Патофизиология СГЯ в значительной степени связана с увеличением проницаемости сосудов яичников и перитонеальных капилляров, вызванным овариальной гиперсекрецией СЭФР. Ученые доказали, что лечение агонистами дофаминовых рецепторов, такими как каберголин, может способствовать уменьшению выработки СЭФР и последующему сокращению риска СГЯ. В этой связи было проведено восемь РКИ касательно целесо­образности назначения дофаминомиметиков (каберголина) для снижения частоты развития и степени тяжести СГЯ. Проспективное рандомизированное двойное слепое исследование (Alvarez C. et al., 2007) включало доноров ооцитов, которые принимали каберголин 0,5 мг/сут (n = 37) или плацебо (n = 32) со дня введения ХГЧ в течение 8 сут. Согласно полученным результатам, распространенность средней формы СГЯ составила 20 % в группе каберголина и 43,8 % в группе плацебо (р = 0,04). Авторы также обнаружили более низкую частоту развития асцита (скопление перитонеальной жидкости в кармане > 9 см2) у женщин, принимавших каберголин (25,7 %), по сравнению с лицами, не получавшими этот препарат (59,4 %; р = 0,005). Впоследствии еще в одном проспективном рандомизированном исследовании исходов лечения каберголином против отсутствия такового у 40 пациенток с высоким риском СГЯ (уровень эстрадиола > 4000 пг/мл, > 20 фолликулов) установлено, что частота среднетяжелого СГЯ также была снижена в группе приема каберголина (15 %) по сравнению с группой контроля (50 %; р = 0,04). При этом показатели заболеваемости тяжелой формой СГЯ значительно не отличались между группами (0 и 10 % соответственно) (Amir H. et al., 2015). В нескольких систематических обзорах ученые оценивали эффекты каберголина по сравнению с плацебо в снижении риска СГЯ. По результатам одного из них, включавшем семь исследований с участием 858 женщин, установлено, что терапия каберголином сопровождалась снижением частоты развития СГЯ по сравнению с отсутствием таковой (ОР 0,38; ДИ: 0,29-0,51; р < 0,00001), при этом она не влияла на показатели наступления беременности (ОР 1,02; 95 % ДИ: 0,78-1,34; четыре исследования; n = 561) (Leitao V. M. et al., 2014).

Выводы

  • Имеется достаточно доказательств того, что применение агонистов дофаминовых рецепторов со дня инъекции ХГЧ в течение нескольких дней снижает частоту развития СГЯ (А).

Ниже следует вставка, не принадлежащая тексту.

(* Let $T>0$, $\xi\in C^{1+\beta}([0,T])$ with $\beta>1/2$, and $f\in C^{1/2}([0,T])$. Let $K(t,s)=\frac{\xi(t)-\xi(s)}{t-s}\frac{e^{-(\xi(t)-\xi(s))^2/(4(t-s))}}{(t-s)^{1/2}}$ for $0\le s<t\le T$, and let $G$ be the function associated with $K$ as in the context. Then the function $v(t)=\int_0^tG(t,s)f(s)\,ds$ belongs to $C^{1/2}([0,T])$.
   Context: Define $H_1(t,s)=K(t,s)\mathbf 1_{(0,t)}(s)$ for $(t,s)\in[0,T]^2$ and recursively $H_n(t,s)=\int_0^TH_{n-1}(t,z)H_1(z,s)\,dz$ for $n\ge2$; then $G(t,s)=\sum_{n\ge2}H_n(t,s)$, the series converging uniformly on $[0,T]\times[0,T]$. Equivalently, $K+G$ is the resolvent kernel of the Volterra operator $x\mapsto x(t)-\int_0^tK(t,s)x(s)ds$, i.e. $x(t)=L(x)(t)+\int_0^t(K(t,s)+G(t,s))L(x)(s)ds$. *)

theory Defs
  imports "HOL-Analysis.Analysis"
begin

text \<open>On the compact interval [0,T] a finite Hoelder seminorm implies boundedness
  and continuity, so this is membership in C^alpha([0,T]).\<close>
definition hoelder_on :: "real \<Rightarrow> real set \<Rightarrow> (real \<Rightarrow> real) \<Rightarrow> bool" where
  "hoelder_on \<alpha> S f \<longleftrightarrow>
     (\<exists>C. \<forall>x\<in>S. \<forall>y\<in>S. \<bar>f x - f y\<bar> \<le> C * \<bar>x - y\<bar> powr \<alpha>)"

definition C1_hoelder_on :: "real \<Rightarrow> real set \<Rightarrow> (real \<Rightarrow> real) \<Rightarrow> bool" where
  "C1_hoelder_on \<beta> S f \<longleftrightarrow>
     (\<exists>f'. (\<forall>t\<in>S. (f has_real_derivative f' t) (at t within S)) \<and> hoelder_on \<beta> S f')"

text \<open>The kernel K(t,s), for 0 <= s < t (set to 0 otherwise; only used for s < t).\<close>
definition kernK :: "(real \<Rightarrow> real) \<Rightarrow> real \<Rightarrow> real \<Rightarrow> real" where
  "kernK \<xi> t s = (if s < t then
      (\<xi> t - \<xi> s) / (t - s) * exp (- (((\<xi> t - \<xi> s)^2) / (4 * (t - s)))) / sqrt (t - s)
    else 0)"

definition H1 :: "(real \<Rightarrow> real) \<Rightarrow> real \<Rightarrow> real \<Rightarrow> real" where
  "H1 \<xi> t s = kernK \<xi> t s * indicator {0<..<t} s"

text \<open>Hsh \<xi> T n = H_(n+1).\<close>
primrec Hsh :: "(real \<Rightarrow> real) \<Rightarrow> real \<Rightarrow> nat \<Rightarrow> real \<Rightarrow> real \<Rightarrow> real" where
  "Hsh \<xi> T 0 t s = H1 \<xi> t s"
| "Hsh \<xi> T (Suc n) t s = (LINT z:{0..T}|lborel. Hsh \<xi> T n t z * H1 \<xi> z s)"

text \<open>G(t,s) = sum_{n>=2} H_n(t,s).\<close>
definition Gres :: "(real \<Rightarrow> real) \<Rightarrow> real \<Rightarrow> real \<Rightarrow> real \<Rightarrow> real" where
  "Gres \<xi> T t s = (\<Sum>n. Hsh \<xi> T (Suc n) t s)"

end

(*
  Only two consequences of the hypotheses are used: \<xi> is Lipschitz on [0,T] and f is bounded.
  Then |K(t,s)| \<le> M/\<surd>(t-s), and for a suitable \<lambda> the weighted majorant M e^{-\<lambda>(z-s)}/\<surd>(z-s)
  integrates to at most 1/2 both in z and in s. Consequently |H_{n+1}(t,s)| \<le> C 2^{-n}, so the series
  for G converges uniformly, and the weighted L1 distance
  \<integral> |H_n(t,s) - H_n(t',s)| e^{\<lambda>s} ds is at least halved from n to n+1. Summing, the L1 distance between
  G(t,\<cdot>) and G(t',\<cdot>) is at most e^{\<lambda>T} times that between K(t,\<cdot>) and K(t',\<cdot>), which is
  O(\<surd>(t-t')) by a direct estimate of the three factors of K.
*)

theory Submission
  imports Defs
begin

section \<open>Elementary integrals and inequalities\<close>

lemma nn_integral_Ioo_fundamental:
  fixes a b :: real
  assumes "a \<le> b" "continuous_on {a..b} F"
    and "\<And>x. a < x \<Longrightarrow> x < b \<Longrightarrow> (F has_real_derivative f x) (at x)"
    and "\<And>x. a < x \<Longrightarrow> x < b \<Longrightarrow> 0 \<le> f x"
  shows "(\<integral>\<^sup>+x. indicator {a<..<b} x * ennreal (f x) \<partial>lborel) = ennreal (F b - F a)"
proof -
  have "(f has_integral F b - F a) {a..b}"
    by (rule fundamental_theorem_of_calculus_interior[OF assms(1,2)])
       (auto simp: has_real_derivative_iff_has_vector_derivative[symmetric] intro: assms(3))
  then have "(f has_integral F b - F a) {a<..<b}"
    by (simp add: has_integral_Icc_iff_Ioo)
  with assms(4) have "(\<integral>\<^sup>+x. ennreal (indicator {a<..<b} x * f x) \<partial>lborel) = ennreal (F b - F a)"
    by (intro nn_integral_has_integral_lebesgue) auto
  moreover have "(\<lambda>x. ennreal (indicator {a<..<b} x * f x)) = (\<lambda>x. indicator {a<..<b} x * ennreal (f x))"
    by (auto simp: indicator_def fun_eq_iff)
  ultimately show ?thesis
    by simp
qed

lemma nn_integral_Ioo_inv_sqrt_left:
  fixes a b c :: real
  assumes "0 \<le> c" "a \<le> b"
  shows "(\<integral>\<^sup>+x. indicator {a<..<b} x * ennreal (c / sqrt (x - a)) \<partial>lborel) = ennreal (2 * c * sqrt (b - a))"
proof -
  have "((\<lambda>x. 2 * c * sqrt (x - a)) has_real_derivative c / sqrt (x - a)) (at x)" if "a < x" for x
    using that by (auto intro!: derivative_eq_intros simp: field_simps)
  then have "(\<integral>\<^sup>+x. indicator {a<..<b} x * ennreal (c / sqrt (x - a)) \<partial>lborel)
      = ennreal (2 * c * sqrt (b - a) - 2 * c * sqrt (a - a))"
    using assms by (intro nn_integral_Ioo_fundamental) (auto intro!: continuous_intros)
  then show ?thesis
    by simp
qed

lemma nn_integral_Ioo_inv_sqrt_right:
  fixes a b c :: real
  assumes "0 \<le> c" "a \<le> b"
  shows "(\<integral>\<^sup>+x. indicator {a<..<b} x * ennreal (c / sqrt (b - x)) \<partial>lborel) = ennreal (2 * c * sqrt (b - a))"
proof -
  have "((\<lambda>x. - 2 * c * sqrt (b - x)) has_real_derivative c / sqrt (b - x)) (at x)" if "x < b" for x
    using that by (auto intro!: derivative_eq_intros simp: field_simps)
  then have "(\<integral>\<^sup>+x. indicator {a<..<b} x * ennreal (c / sqrt (b - x)) \<partial>lborel)
      = ennreal (- 2 * c * sqrt (b - b) - - 2 * c * sqrt (b - a))"
    using assms by (intro nn_integral_Ioo_fundamental) (auto intro!: continuous_intros)
  then show ?thesis
    by simp
qed

lemma nn_integral_Ioo_inv_sqrt_cube_le:
  fixes a t t' :: real
  assumes "a \<le> t'" "t' < t"
  shows "(\<integral>\<^sup>+x. indicator {a<..<t'} x * ennreal (1 / ((t - x) * sqrt (t - x))) \<partial>lborel) \<le> ennreal (2 / sqrt (t - t'))"
proof -
  have "((\<lambda>x. 2 / sqrt (t - x)) has_real_derivative 1 / ((t - x) * sqrt (t - x))) (at x)" if "x < t" for x
    using that by (auto intro!: derivative_eq_intros simp: field_simps power2_eq_square)
  then have "(\<integral>\<^sup>+x. indicator {a<..<t'} x * ennreal (1 / ((t - x) * sqrt (t - x))) \<partial>lborel)
      = ennreal (2 / sqrt (t - t') - 2 / sqrt (t - a))"
    using assms by (intro nn_integral_Ioo_fundamental) (auto intro!: continuous_intros)
  then show ?thesis
    using assms by (auto intro: ennreal_leI)
qed

lemma nn_integral_Ioo_inv_sqrt_diff_le:
  fixes a t t' :: real
  assumes "a \<le> t'" "t' < t"
  shows "(\<integral>\<^sup>+x. indicator {a<..<t'} x * ennreal (1 / sqrt (t' - x) - 1 / sqrt (t - x)) \<partial>lborel) \<le> ennreal (2 * sqrt (t - t'))"
proof -
  have "((\<lambda>x. 2 * sqrt (t - x) - 2 * sqrt (t' - x)) has_real_derivative 1 / sqrt (t' - x) - 1 / sqrt (t - x)) (at x)"
    if "x < t'" for x
    using that assms by (auto intro!: derivative_eq_intros simp: field_simps)
  moreover have "0 \<le> 1 / sqrt (t' - x) - 1 / sqrt (t - x)" if "x < t'" for x
    using that assms by (auto simp: frac_le)
  ultimately have "(\<integral>\<^sup>+x. indicator {a<..<t'} x * ennreal (1 / sqrt (t' - x) - 1 / sqrt (t - x)) \<partial>lborel)
      = ennreal ((2 * sqrt (t - t') - 2 * sqrt (t' - t')) - (2 * sqrt (t - a) - 2 * sqrt (t' - a)))"
    using assms by (intro nn_integral_Ioo_fundamental) (auto intro!: continuous_intros)
  moreover have "sqrt (t' - a) \<le> sqrt (t - a)"
    using assms by simp
  ultimately show ?thesis
    using assms by (auto intro!: ennreal_leI)
qed

lemma nn_integral_cmult_le:
  assumes "g \<in> borel_measurable M" "integral\<^sup>N M g \<le> ennreal b" "0 \<le> c" "0 \<le> b"
  shows "(\<integral>\<^sup>+ x. ennreal c * g x \<partial>M) \<le> ennreal (c * b)"
proof -
  have "(\<integral>\<^sup>+ x. ennreal c * g x \<partial>M) = ennreal c * integral\<^sup>N M g"
    using assms(1) by (rule nn_integral_cmult)
  also have "\<dots> \<le> ennreal c * ennreal b"
    using assms(2) by (rule mult_left_mono) simp
  finally show ?thesis
    using assms(3,4) by (simp add: ennreal_mult)
qed

lemma abs_integral_le_nn_integral:
  fixes f :: "'a \<Rightarrow> real"
  shows "ennreal \<bar>integral\<^sup>L M f\<bar> \<le> (\<integral>\<^sup>+ x. ennreal \<bar>f x\<bar> \<partial>M)"
proof (cases "integrable M f")
  case True
  then show ?thesis using integral_norm_bound_ennreal[OF True] by simp
qed (simp add: not_integrable_integral_eq)

lemma inv_sqrt_mult_le:
  fixes p q d :: real
  assumes "0 < p" "0 < q" "p + q = d"
  shows "1 / (sqrt p * sqrt q) \<le> sqrt 2 / sqrt d * (1 / sqrt q + 1 / sqrt p)"
proof -
  have d: "0 < d" using assms by simp
  have "sqrt (d/2) \<le> sqrt p + sqrt q"
  proof (cases "p \<ge> d / 2")
    case True
    then have "sqrt (d/2) \<le> sqrt p" by simp
    then show ?thesis using assms by (intro add_increasing2) auto
  next
    case False
    then have "sqrt (d/2) \<le> sqrt q" using assms by simp
    then show ?thesis using assms by (intro add_increasing) auto
  qed
  then have "sqrt 2 / sqrt d * sqrt (d/2) \<le> sqrt 2 / sqrt d * (sqrt p + sqrt q)"
    by (rule mult_left_mono) (use d in simp)
  moreover have "sqrt 2 / sqrt d * sqrt (d/2) = 1"
    using d by (simp add: real_sqrt_divide)
  ultimately have "1 \<le> sqrt 2 / sqrt d * (sqrt p + sqrt q)"
    by simp
  then have "1 / (sqrt p * sqrt q) \<le> sqrt 2 / sqrt d * (sqrt p + sqrt q) / (sqrt p * sqrt q)"
    using assms by (intro divide_right_mono) auto
  also have "\<dots> = sqrt 2 / sqrt d * ((sqrt p + sqrt q) / (sqrt p * sqrt q))"
    by simp
  also have "(sqrt p + sqrt q) / (sqrt p * sqrt q) = 1 / sqrt q + 1 / sqrt p"
    using assms by (simp add: add_divide_distrib)
  finally show ?thesis .
qed

lemma abs_exp_minus_diff_le:
  fixes x y :: real
  assumes "0 \<le> x" "0 \<le> y"
  shows "\<bar>exp (- x) - exp (- y)\<bar> \<le> \<bar>x - y\<bar>"
proof -
  have *: "exp (- a) - exp (- b) \<le> b - a" if "0 \<le> a" "a \<le> b" for a b :: real
  proof -
    have "exp (- a) - exp (- b) = exp (- a) * (1 - exp (- (b - a)))"
      by (simp add: algebra_simps exp_add[symmetric])
    also have "\<dots> \<le> 1 - exp (- (b - a))"
      using that by (intro mult_left_le_one_le) auto
    also have "\<dots> \<le> b - a"
      using exp_ge_add_one_self[of "- (b - a)"] by linarith
    finally show ?thesis .
  qed
  show ?thesis
    using *[of x y] *[of y x] assms by (cases "x \<le> y") auto
qed

lemma abs_heat_exponent_diff_le:
  fixes M u u' d d' :: real
  assumes u: "0 < u'" "u' < u"
    and d: "\<bar>d\<bar> \<le> M * u" and d': "\<bar>d'\<bar> \<le> M * u'" and dd: "\<bar>d - d'\<bar> \<le> M * (u - u')"
    and M: "0 \<le> M"
  shows "\<bar>d\<^sup>2 / (4 * u) - d'\<^sup>2 / (4 * u')\<bar> \<le> M\<^sup>2 * (u - u')"
proof -
  define h where "h = u - u'"
  have u0: "0 < u" and h: "0 < h" using u by (auto simp: h_def)
  have "d\<^sup>2 / (4 * u) - d'\<^sup>2 / (4 * u) = (d - d') * (d + d') / (4 * u)"
    by (simp add: power2_eq_square diff_divide_distrib[symmetric] algebra_simps)
  moreover have "d'\<^sup>2 / (4 * u) - d'\<^sup>2 / (4 * u') = - (d'\<^sup>2 * (h / (4 * u * u')))"
    using u u0 by (simp add: h_def field_simps)
  ultimately have split: "d\<^sup>2 / (4 * u) - d'\<^sup>2 / (4 * u') = (d - d') * (d + d') / (4 * u) - d'\<^sup>2 * (h / (4 * u * u'))"
    by linarith
  have "M * u' \<le> M * u" using u M by (intro mult_left_mono) auto
  then have "\<bar>d + d'\<bar> \<le> 2 * M * u" using d d' by linarith
  then have "\<bar>(d - d') * (d + d')\<bar> \<le> M * h * (2 * M * u)"
    unfolding abs_mult using dd M h by (intro mult_mono) (auto simp: h_def)
  also have "\<dots> = M\<^sup>2 * h / 2 * (4 * u)"
    by (simp add: power2_eq_square)
  finally have "\<bar>(d - d') * (d + d')\<bar> / (4 * u) \<le> M\<^sup>2 * h / 2"
    using u0 by (simp only: pos_divide_le_eq)
  then have b1: "\<bar>(d - d') * (d + d') / (4 * u)\<bar> \<le> M\<^sup>2 * h / 2"
    using u0 by (simp add: abs_divide)
  have "d'\<^sup>2 \<le> (M * u')\<^sup>2"
    using d' abs_le_square_iff[of d' "M * u'"] u M by auto
  then have "d'\<^sup>2 * (h / (4 * u * u')) \<le> (M * u')\<^sup>2 * (h / (4 * u * u'))"
    using u h by (intro mult_right_mono) auto
  also have "\<dots> = M\<^sup>2 * h / 4 * (u' / u)"
    using u by (simp add: power2_eq_square)
  also have "\<dots> \<le> M\<^sup>2 * h / 4"
    using u h by (intro mult_left_le) auto
  finally have b2: "\<bar>d'\<^sup>2 * (h / (4 * u * u'))\<bar> \<le> M\<^sup>2 * h / 4"
    using u h by simp
  show ?thesis
    unfolding split h_def[symmetric]
    using abs_triangle_ineq4[of "(d - d') * (d + d') / (4 * u)" "d'\<^sup>2 * (h / (4 * u * u'))"] b1 b2
      mult_nonneg_nonneg[OF zero_le_power2[of M] less_imp_le[OF h]]
    by linarith
qed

Возможно ли посредством назначения других препаратов или манипуляций снизить риск развития СГЯ?

Отсрочка начала стимуляции овуляции заключается в откладывании применения гонадотропинов на период максимум в 4 дня. В соответствии с результатами РКИ и систематических обзоров существует недостаточно доказательств пользы такой тактики в профилактике возникновения СГЯ (C).

Выбор триггера для финального созревания ­ооцитов перед их забором

На протяжении десятилетий использование ХГЧ в качестве триггера овуляции перед забором ооцитов в циклах ВРТ с целью имитации эндогенного преовуляторного пикового выброса лютеинизирующего гормона (ЛГ) являлось стандартной практикой. Вместе с тем длительный период полураспада ХГЧ вызывает поддержание ЛГ-подобной активности после забора яйцеклеток. Такая стимуляция ЛГ-рецепторов на нескольких желтых телах в яичниках может приводить к развитию СГЯ. Поэтому новой областью активных исследований стал подбор других триггеров и корректировка дозировок, необходимых для созревания ооцитов.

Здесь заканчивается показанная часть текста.